Abstract
Aim
To assess serum Cu/Zn SOD (Superoxide Dismutase) concentration in children with ADHD and evaluate its possible relationship to Cu and Zn levels.
Subjects and methods
Serum from 22 children with ADHD and 20 healthy control children without ADHD and 19 autistic children without ADHD were tested for Cu/Zn SOD using ELISAs and levels of serum Cu and Zn using inductively-coupled plasma-mass spectrometry.
Results
Serum Cu/Zn SOD levels of ADHD children were significantly lower than age and gender matched healthy non-ADHD controls (P < 0.001). Serum Cu/Zn SOD of ADHD children was significantly lower in individuals with high serum copper (P = 0.024). There was no significant correlation between Cu/Zn SOD levels and Zinc or Cu/Zn in ADHD individuals.
Discussion
These results suggest an association between Cu/Zn SOD serum levels and ADHD, particularly ADHD children with high serum copper.
Keywords: ADHD, Cu/Zn SOD, super oxide dismutase, copper
Introduction
Attention deficit hyperactivity disorder (ADHD) is one of the most common childhood disorders and can continue through adolescence and adulthood. Symptoms include difficulty staying focused and paying attention, difficulty controlling behavior, and hyperactivity.1
Molecular, genetic and pharmacological studies suggest the involvement of the dopaminergic, serotonergic and noradrenergic neurotransmitter systems in the pathogenesis of ADHD, and polymorphic variants in several genes involved in regulation of the dopamine, and related neurotransmitter pathways are reported to be associated with the disease.2–4
There are few studies evaluating the biochemical basis of ADHD. However, in 2008, Selek et al5 found that adults with ADHD had high levels of the oxidant nitrous oxide, and low super oxide dismutase activities, suggesting an oxidative imbalance.
In vivo, oxygen radicals are produced as byproducts of normal oxidative metabolism.6 Hence, activated cells with increased metabolism produce more oxygen radicals. It has long been known that control of the intracellular redox environment is vital for proper cellular function. To protect themselves from the constant oxidative challenge, cells have developed defense mechanisms that ensure a proper balance between pro- and antioxidant molecules.7 Cu/Zn superoxide dismutase (SOD-1) is a key enzyme in the dismutation of superoxide radicals resulting from cellular oxidative metabolism, converting them into hydrogen peroxide,8 and, as a result, serves a key antioxidant role. In fact, mice lacking SOD die several days after birth, amidst massive oxidative stress.11
Copper, and zinc participate in SOD enzymatic mechanisms that protect against free radicals ad therefore serve an important adjunct role in oxidative balance.12
Cu appears to have many important functional roles in the body that apparently relate to, among others, the maintenance of immune function, bone health and haemostasis.9 The element is needed in trace amounts, but excess is toxic.
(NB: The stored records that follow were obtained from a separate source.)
definition step :: "((real^'d) \<times> real) measure \<Rightarrow> 'd::finite pmf \<Rightarrow> nat \<Rightarrow> real \<Rightarrow> real
    \<Rightarrow> real^'d \<Rightarrow> (real^'d) measure" where
  "step D Q k \<eta> B w = Giry_Monad.bind D (\<lambda>(x, y).
      distr (measure_pmf (alg_pmf Q k w)) borel (\<lambda>(I, j). next_w B \<eta> Q k w x y I j))"

text \<open>w_law ... n is the law of the iterate w_{n+1}\<close>
primrec w_law :: "((real^'d) \<times> real) measure \<Rightarrow> 'd::finite pmf \<Rightarrow> nat \<Rightarrow> real \<Rightarrow> real
    \<Rightarrow> real^'d \<Rightarrow> nat \<Rightarrow> (real^'d) measure" where
  "w_law D Q k \<eta> B w1 0 = return borel w1"
| "w_law D Q k \<eta> B w1 (Suc n) = Giry_Monad.bind (w_law D Q k \<eta> B w1 n) (step D Q k \<eta> B)"

end

theory Submission
  imports Defs
begin

text \<open>Given \<open>w\<^sub>t\<close>, the coordinate \<open>j\<^sub>t\<close> is independent of the indices \<open>i\<^sub>t\<^sub>,\<^sub>r\<close>, so
  \<open>E \<parallel>g\<^sub>t\<parallel>\<^sup>2 = E \<phi>\<^sub>t\<^sup>2 \<cdot> E \<parallel>x\<^sub>t\<parallel>\<^sup>2\<close>. Since \<open>w\<^sub>j/p\<^sub>j = \<parallel>w\<parallel>\<^sup>2/w\<^sub>j\<close>, we get
  \<open>E \<phi>\<^sub>t\<^sup>2 \<le> 2 \<parallel>w\<^sub>t\<parallel>\<^sup>2 \<parallel>x\<parallel>\<^sup>2 + 2 y\<^sup>2 \<le> 4 B\<^sup>2\<close>, where \<open>\<parallel>w\<^sub>t\<parallel> \<le> B\<close> because of the projection step.
  The estimate \<open>x\<^sub>t\<close> is the mean of \<open>k\<close> i.i.d. copies of \<open>x\<^sub>t\<^sub>,\<^sub>r\<close>, whose mean has norm at most
  \<open>\<parallel>x\<parallel> \<le> 1\<close>, hence \<open>E \<parallel>x\<^sub>t\<parallel>\<^sup>2 = E \<parallel>x\<^sub>t\<^sub>,\<^sub>r\<parallel>\<^sup>2 / k + (1 - 1/k) \<parallel>E x\<^sub>t\<^sub>,\<^sub>r\<parallel>\<^sup>2 \<le> E \<parallel>x\<^sub>t\<^sub>,\<^sub>r\<parallel>\<^sup>2 / k + 1\<close>.\<close>

lemma integral_pair_pmf_finite:
  fixes F :: "'a \<times> 'b \<Rightarrow> real"
  assumes A: "finite (set_pmf A)" and B: "finite (set_pmf B)"
  shows "(\<integral>x. F x \<partial>pair_pmf A B) = (\<integral>a. (\<integral>b. F (a, b) \<partial>B) \<partial>A)"
proof -
  have "(\<integral>x. F x \<partial>pair_pmf A B) = (\<Sum>x\<in>set_pmf A \<times> set_pmf B. F x * pmf (pair_pmf A B) x)"
    using A B by (intro integral_measure_pmf_real) auto
  also have "\<dots> = (\<Sum>a\<in>set_pmf A. \<Sum>b\<in>set_pmf B. F (a, b) * pmf B b * pmf A a)"
    unfolding sum.cartesian_product by (intro sum.cong refl) (auto simp: pmf_pair mult_ac)
  also have "\<dots> = (\<Sum>a\<in>set_pmf A. (\<integral>b. F (a, b) \<partial>B) * pmf A a)"
    using B by (intro sum.cong refl) (simp add: integral_measure_pmf_real[where A="set_pmf B"] sum_distrib_right)
  also have "\<dots> = (\<integral>a. (\<integral>b. F (a, b) \<partial>B) \<partial>A)"
    using A by (intro integral_measure_pmf_real[symmetric]) auto
  finally show ?thesis .
qed

lemma finite_set_Pi_pmf_const:
  assumes "finite A" and "finite (set_pmf Q)"
  shows "finite (set_pmf (Pi_pmf A d (\<lambda>_. Q)))"
  using assms by (subst set_Pi_pmf) (auto intro!: finite_PiE_dflt)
It increases lipid per-oxidation and depletes glutathione reserves, which makes the organism more vulnerable to other oxidative challenges.10
Zinc to copper ratio is abnormally low in individuals with other disorders associated with hyperactivity, such as autism13 and in boys with oppositional defiant disorder.14 Low zinc may be associated with ADHD individuals16 and has been directly related to low Cu/Zn SOD concentration.15
Our study was designed to determine Cu/Zn SOD serum levels, and the relationship between these levels and copper and zinc concentration, in ADHD individuals.
Materials and Methods
ELISA to measure serum Cu/Zn SOD (Bender Systems)
All reagents and specimens were equilibrated to room temperature before the assay was performed. A 1:51 dilution of the patient samples was prepared by mixing 10 μl of the patient’s sera with 0.5 ml of Serum Diluent. One hundred microliters of calibrators (.08–2.5 ng/ml Cu/Zn SOD), serum diluent alone, and diluted patient samples were added to the appropriate microwells of a microculture plate (each well contained affinity purified polyclonal IgG to Cu/Zn SOD). Wells were incubated for 60 minutes (±5 min) at room temperature, then washed 4× with wash buffer. One hundred microliters of pre-diluter anti-human Cu/Zn SOD IgG conjugated with HRP was added to all microwells, incubated for 30 minutes (±5 min) at room temperature, then washed 4× with wash buffer. One hundred microliters of enzyme substrate was added to each microwell. After approximately 30 minutes at room temperature, the reaction was stopped by adding 50 μl of 1M sulfuric acid, then the wells were read at 450 nm with an ELISA reader (BioRad Laboratories, Inc., Hercules, CA, USA).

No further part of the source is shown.